A lot of people who once supported our military action in Iraq are now opposing the war. I think I can understand their feelings, since I share some of them from time to time. Victor Davis Hanson has an article up on National Review where he looks at
what really got us into Iraq.
The U.S. Senate and House voted for war in Iraq, not merely because they were deluded about the shared intelligence reports on WMD (though deluded they surely were), but also because of the 22 legitimate casus belli they added just in case. And despite the recent meae culpae, those charges remain as valid today as they were when they were approved: Saddam did try to kill a former American president; the U.N. embargo was violated, as were its inspection protocols; the 1991 accords were often ignored; the genocide of brave Kurds did happen; suicide bombers were being given bounties; terrorists, including those involved into the 1993 World Trade Center bombing, were given sanctuary by Saddam; and on and on.
He points out what remarkable success we had as we started the war.
Long forgotten is the inspired campaign that removed a vicious dictator in three weeks. Nor is much credit given to the idealistic efforts to foster democracy rather than just ignoring the chaos that follows war — as we did after the Soviets were defeated in Afghanistan, or following our precipitous departure from Lebanon and Somalia. And we do not appreciate anymore that Syria was forced to vacate Lebanon; that Libya gave up its WMD arsenal; that Pakistan came clean about Dr. Khan; and that there have been the faint beginnings of local elections in the Gulf monarchies.
He notes the irony that those who are currently opposed to the battle in Iraq ("Where are the WMDs? You had no good reason to bring us in here!") were sometimes the same people who thought we were (or are) immoral for not intervening duriung other human rights crises around the globe.

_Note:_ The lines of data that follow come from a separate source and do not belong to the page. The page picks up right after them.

(* Let $U_n\in U(n)$ be a unitary matrix whose eigenvalues are pairwise distinct and different from $1$, with characteristic polynomial $Z_n(X)=\det(X-U_n)$, eigenangles $(\theta_k^{(n)})_{k\in\mathbb{Z}}$ and renormalized eigenangles $y_k^{(n)}=\frac{n}{2\pi}\theta_k^{(n)}$ as in the context. Let $k\in\mathbb{Z}$ and let $\varepsilon>0$ be small enough that there is no eigenangle of $U_n$ in $[0,\varepsilon]$ nor in $(\theta_k^{(n)},\theta_k^{(n)}+\varepsilon]$. Then $$k = y_k^{(n)} - \frac{1}{\pi}\Im\left( \log Z_n\big(e^{i(\theta_k^{(n)}+\varepsilon)}\big) - \log Z_n\big(e^{i\varepsilon}\big)\right).$$
   Context: $(\theta_k^{(n)})_{k\in\mathbb{Z}}$ is the increasing enumeration of all real numbers $\theta$ such that $e^{i\theta}$ is an eigenvalue of $U_n$, indexed so that $\dots<\theta_0^{(n)}<0<\theta_1^{(n)}<\dots$; thus $\theta_{k+n}^{(n)}=\theta_k^{(n)}+2\pi$. An eigenangle means any $\theta_k^{(n)}$. Let $\mathcal{D} = \mathbb{C} \setminus \{ r e^{i\theta_k^{(n)}} : k\in\mathbb{Z}, r\ge1\}$; $\log Z_n$ is the unique continuous determination of the logarithm of $Z_n$ on $\mathcal{D}$ with $\log Z_n(0) \in i(-\pi,\pi]$. *)

theory Defs
  imports "HOL-Analysis.Analysis"
begin

definition conj_transpose :: "complex^'n^'m \<Rightarrow> complex^'m^'n" where
  "conj_transpose U = (\<chi> i j. cnj (U $ j $ i))"

definition unitary_mat :: "complex^'n^'n \<Rightarrow> bool" where
  "unitary_mat U \<longleftrightarrow> U ** conj_transpose U = mat 1 \<and> conj_transpose U ** U = mat 1"

definition is_eigenvalue :: "complex^'n^'n \<Rightarrow> complex \<Rightarrow> bool" where
  "is_eigenvalue U z \<longleftrightarrow> (\<exists>v. v \<noteq> 0 \<and> U *v v = z *s v)"

definition charpoly_Z :: "complex^'n^'n \<Rightarrow> complex \<Rightarrow> complex" where
  "charpoly_Z U z = det (mat z - U)"

definition eigenangle :: "complex^'n^'n \<Rightarrow> int \<Rightarrow> real" where
  "eigenangle U = (THE f. strict_mono f \<and> range f = {t. is_eigenvalue U (cis t)}
                        \<and> f 0 < 0 \<and> 0 < f 1)"

definition renorm_eigenangle :: "complex^'n^'n \<Rightarrow> int \<Rightarrow> real" where
  "renorm_eigenangle U k = real CARD('n) / (2 * pi) * eigenangle U k"

definition slit_domain :: "complex^'n^'n \<Rightarrow> complex set" where
  "slit_domain U = - {complex_of_real r * cis (eigenangle U k) | r k. r \<ge> 1}"

definition logZ :: "complex^'n^'n \<Rightarrow> complex \<Rightarrow> complex" where
  "logZ U = (THE L. continuous_on (slit_domain U) L
               \<and> (\<forall>z\<in>slit_domain U. exp (L z) = charpoly_Z U z)
               \<and> (\<exists>t\<in>{-pi<..pi}. L 0 = \<i> * complex_of_real t)
               \<and> (\<forall>z. z \<notin> slit_domain U \<longrightarrow> L z = 0))"

end

theory Submission
  imports Defs "HOL-Computational_Algebra.Polynomial"
begin

text \<open>
  The eigenvalues \<open>w\<^sub>j = cis \<theta>\<^sub>j\<close> lie on the unit circle, so
  \<open>Z(z) = Z(0) * (\<Prod>j. 1 - z / w\<^sub>j)\<close> and \<open>Ln Z(0) + (\<Sum>j. Ln (1 - z / w\<^sub>j))\<close>
  (principal branches) is a continuous logarithm of \<open>Z\<close> on the star-shaped slit domain
  with the prescribed value at 0; by uniqueness of continuous logarithms it is \<open>log Z\<close>.
  On the circle, \<open>Im (Ln (1 - cis x)) = (x - pi) / 2\<close> for \<open>0 < x < 2 pi\<close>, a sawtooth
  dropping by \<open>pi\<close> whenever \<open>x\<close> crosses a multiple of \<open>2 pi\<close>. Going from
  \<open>cis \<epsilon>\<close> to \<open>cis (\<theta>\<^sub>k + \<epsilon>)\<close>, the argument of each of the \<open>n\<close> factors grows
  by \<open>\<theta>\<^sub>k / 2\<close>, minus \<open>pi\<close> for each eigenangle passed; the eigenangles passed are
  \<open>\<theta>\<^sub>1, \<dots>, \<theta>\<^sub>k\<close> (counted negatively when \<open>k \<le> 0\<close>). So \<open>Im log Z\<close> grows
  by \<open>n \<theta>\<^sub>k / 2 - k pi\<close>.
\<close>

section \<open>Unitary matrices and the characteristic polynomial\<close>

lemma mat_mult_vector: "mat c *v v = c *s (v :: 'a::comm_semiring_1^'n)"
  by (simp add: vec_eq_iff matrix_vector_mult_def mat_def if_distrib[of "\<lambda>x. x * _"]
      cong: if_cong)

lemma det_eq_0_if_kernel:
  fixes A :: "'a::field^'n^'n"
  assumes "A *v v = 0" "v \<noteq> 0"
  shows "det A = 0"
  using assms inj_matrix_vector_mult[of A] invertible_det_nz[of A]
  by (metis injD matrix_vector_mult_0_right)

Not long ago, abdication — from Rwanda or Haiti, or from the Balkans for a decade — not intervention, was the supposed sin. There were dozens of Darfurs in the 1990s, when charges flew of moral indifference. The supposition then — as now — was that those who called for boots on the ground to stop a genocide would not unlikely be the
first to abdicate responsibility once the coffins came home and the military was left fighting an orphaned war.

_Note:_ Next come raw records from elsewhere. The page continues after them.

theorem mainTheorem16:
  fixes n :: nat and K K' K'' :: cmi
  assumes "wf_cmi n K" and "wf_cmi n K'"
    and "\<not> degenerate n K" and "\<not> degenerate n K'"
    and "K'' = R K K'"
  shows "(fst (can (pur K'')) \<inter> II K = {} \<and> (\<forall>P\<in>#genP K''. P \<inter> II K = {}))
       \<and> (cmi_implies n K K' \<longrightarrow>
            II K'' = {} \<and> can (pur K'') = (fst (can (pur K'')), genP K''))
       \<and> (cmi_implies n K K' \<longrightarrow> \<not> degenerate n K'' \<longrightarrow> 2 \<le> size (genP K''))"
proof -
  have "fst (can (pur K'')) \<inter> II K = {}"
    using fst_can_subset[of "pur K''"] R_disjoint_II(1)[of K K'] assms(5) by auto
  moreover have "\<forall>P\<in>#genP K''. P \<inter> II K = {}"
    using members_genP_subset R_disjoint_II(2) assms(5) by blast
  moreover have "II K'' = {}" if "cmi_implies n K K'"
    using II_R_eq_empty[OF cmi_implies_II_subset[OF that]] assms(5) by simp
  moreover have "can (pur K'') = (fst (can (pur K'')), genP K'')" if "II K'' = {}"
    using that unfolding genP_def by simp
  ultimately show ?thesis
    using size_genP_ge_2 by blast
qed

end
definition conj_rel ::
  "('k,'x) monoid_scheme \<Rightarrow> ('l,'y) monoid_scheme \<Rightarrow> ('m,'z) monoid_scheme
   \<Rightarrow> ('k \<Rightarrow> 'm) \<Rightarrow> ('l \<Rightarrow> 'm) \<Rightarrow> (('k \<Rightarrow> 'l) \<times> ('k \<Rightarrow> 'l)) set" where
  "conj_rel K L M f g = {(h, h'). h \<in> Hom_fg K L f g \<and> h' \<in> Hom_fg K L f g \<and>
      (\<exists>l0\<in>kernel L M g. h' = (\<lambda>k\<in>carrier K. l0 \<otimes>\<^bsub>L\<^esub> h k \<otimes>\<^bsub>L\<^esub> inv\<^bsub>L\<^esub> l0))}"

definition Hom_bar ::
  "('k,'x) monoid_scheme \<Rightarrow> ('l,'y) monoid_scheme \<Rightarrow> ('m,'z) monoid_scheme
   \<Rightarrow> ('k \<Rightarrow> 'm) \<Rightarrow> ('l \<Rightarrow> 'm) \<Rightarrow> ('k \<Rightarrow> 'l) set set" where
  "Hom_bar K L M f g = Hom_fg K L f g // conj_rel K L M f g"

definition q_of ::
  "('k,'x) monoid_scheme \<Rightarrow> ('l,'y) monoid_scheme \<Rightarrow> ('m,'z) monoid_scheme
   \<Rightarrow> ('k \<Rightarrow> 'm) \<Rightarrow> ('l \<Rightarrow> 'm) \<Rightarrow> ('k \<Rightarrow> 'l) \<Rightarrow> ('k \<times> 'l \<Rightarrow> 'l)" where
  "q_of K L M f g h = (\<lambda>p\<in>carrier (fibre_prod K L M f g).
      snd p \<otimes>\<^bsub>L\<^esub> inv\<^bsub>L\<^esub> (h (fst p)))"

end

theory Submission
  imports Defs
begin

text \<open>
  A homomorphism \<open>h\<close> over \<open>f\<close> is recovered from \<open>q\<^sub>h\<close>: for any \<open>l\<close> with \<open>g l = f k\<close>
  one has \<open>h k = q\<^sub>h(k,l)\<inverse> l\<close>. Conversely, for a cocycle \<open>q\<close> the element \<open>q(k,l)\<inverse> l\<close> does
  not depend on the choice of \<open>l\<close> over \<open>k\<close> by (ZL2), such an \<open>l\<close> exists because
  \<open>f(K) \<subseteq> g(L)\<close>, (ZL3) makes \<open>k \<mapsto> q(k,l)\<inverse> l\<close> multiplicative, and \<open>g\<close> kills the values
  of \<open>q\<close>, so this defines an inverse of \<open>h \<mapsto> q\<^sub>h\<close>. Conjugation by \<open>l\<^sub>0 \<in> B\<close> is transported
  to the relation \<open>\<sim>\<close> by the identity \<open>q\<^bsub>l\<^sub>0 h l\<^sub>0\<inverse>\<^esub>(a \<iota>(l\<^sub>0\<inverse>)) = q\<^sub>h(a) l\<^sub>0\<inverse>\<close>, and a
  bijection matching two equivalence relations descends to the quotients.
\<close>

lemma bij_betw_Image_class:
  assumes bij: "bij_betw \<phi> A B" and S: "S \<subseteq> B \<times> B"
    and corr: "\<And>x y. x \<in> A \<Longrightarrow> y \<in> A \<Longrightarrow> (x, y) \<in> R \<longleftrightarrow> (\<phi> x, \<phi> y) \<in> S"
    and x: "x \<in> A" and RA: "R \<subseteq> A \<times> A"
  shows "S``{\<phi> x} = \<phi> ` (R``{x})"
proof
  show "\<phi> ` (R``{x}) \<subseteq> S``{\<phi> x}" using RA corr x by blast
  show "S``{\<phi> x} \<subseteq> \<phi> ` (R``{x})"
  proof
    fix b assume "b \<in> S``{\<phi> x}"
    moreover then obtain y where "y \<in> A" "b = \<phi> y"
      using S bij by (auto simp: bij_betw_def)
    ultimately show "b \<in> \<phi> ` (R``{x})" using corr x by blast
  qed
qed

lemma bij_betw_quotient_Image:
  assumes bij: "bij_betw \<phi> A B" and R: "equiv A R" and S: "S \<subseteq> B \<times> B"
    and corr: "\<And>x y. x \<in> A \<Longrightarrow> y \<in> A \<Longrightarrow> (x, y) \<in> R \<longleftrightarrow> (\<phi> x, \<phi> y) \<in> S"
  shows "bij_betw (\<lambda>C. S``(\<phi> ` C)) (A//R) (B//S)"
proof -
  have RA: "R \<subseteq> A \<times> A" using R by (rule equiv_type)
  have class_image: "S``{\<phi> x} = \<phi> ` (R``{x})" if "x \<in> A" for x
    using bij_betw_Image_class[OF bij S corr that RA] .
  have fixed: "S``(\<phi> ` (R``{x})) = \<phi> ` (R``{x})" if x: "x \<in> A" for x
  proof -
    have "S``(\<phi> ` (R``{x})) = (\<Union>y\<in>R``{x}. S``{\<phi> y})" by blast
    also have "\<dots> = \<phi> ` (\<Union>y\<in>R``{x}. R``{y})" using class_image RA by blast
    also have "(\<Union>y\<in>R``{x}. R``{y}) = R``{x}"
      using R x by (auto simp: equiv_class_eq_iff equiv_class_self)
    finally show ?thesis .
  qed
  have "bij_betw ((`) \<phi>) (A//R) (B//S)"
  proof (rule bij_betw_imageI)
    have "C \<subseteq> A" if "C \<in> A//R" for C
      using that RA by (auto elim: quotientE)
    then show "inj_on ((`) \<phi>) (A//R)"
      using bij by (auto simp: bij_betw_def inj_on_def inj_on_image_eq_iff)
    show "(`) \<phi> ` (A//R) = B//S"
      using bij class_image by (auto simp: bij_betw_def quotient_def)
  qed
  moreover have "S``(\<phi> ` C) = \<phi> ` C" if "C \<in> A//R" for C
    using that fixed by (metis quotientE)
  ultimately show ?thesis by (simp cong: bij_betw_cong)
qed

I don't like the picures I see coming back from Iraq. But I'm bound to suspect we'd see similar things from any war. I expect that if our current media situation had been in place during WWII, I'd be speaking German right now.
1 comment:
Democratic pollster Patrick Caddell says that the vast majority of Americans are unhappy with Iraq, but that only 20% of them think we ought to leave any time soon. What most Americans want, per his research, is a winning strategy. Most Americans don't think we've got that right now.
Caddell worries, however, that the Democratic leadership mistunderstands this and thinks that all unhappiness about Iraq equates to a desire to cut and run. He thinks this is going to lead to a lot of problems over the next couple of years.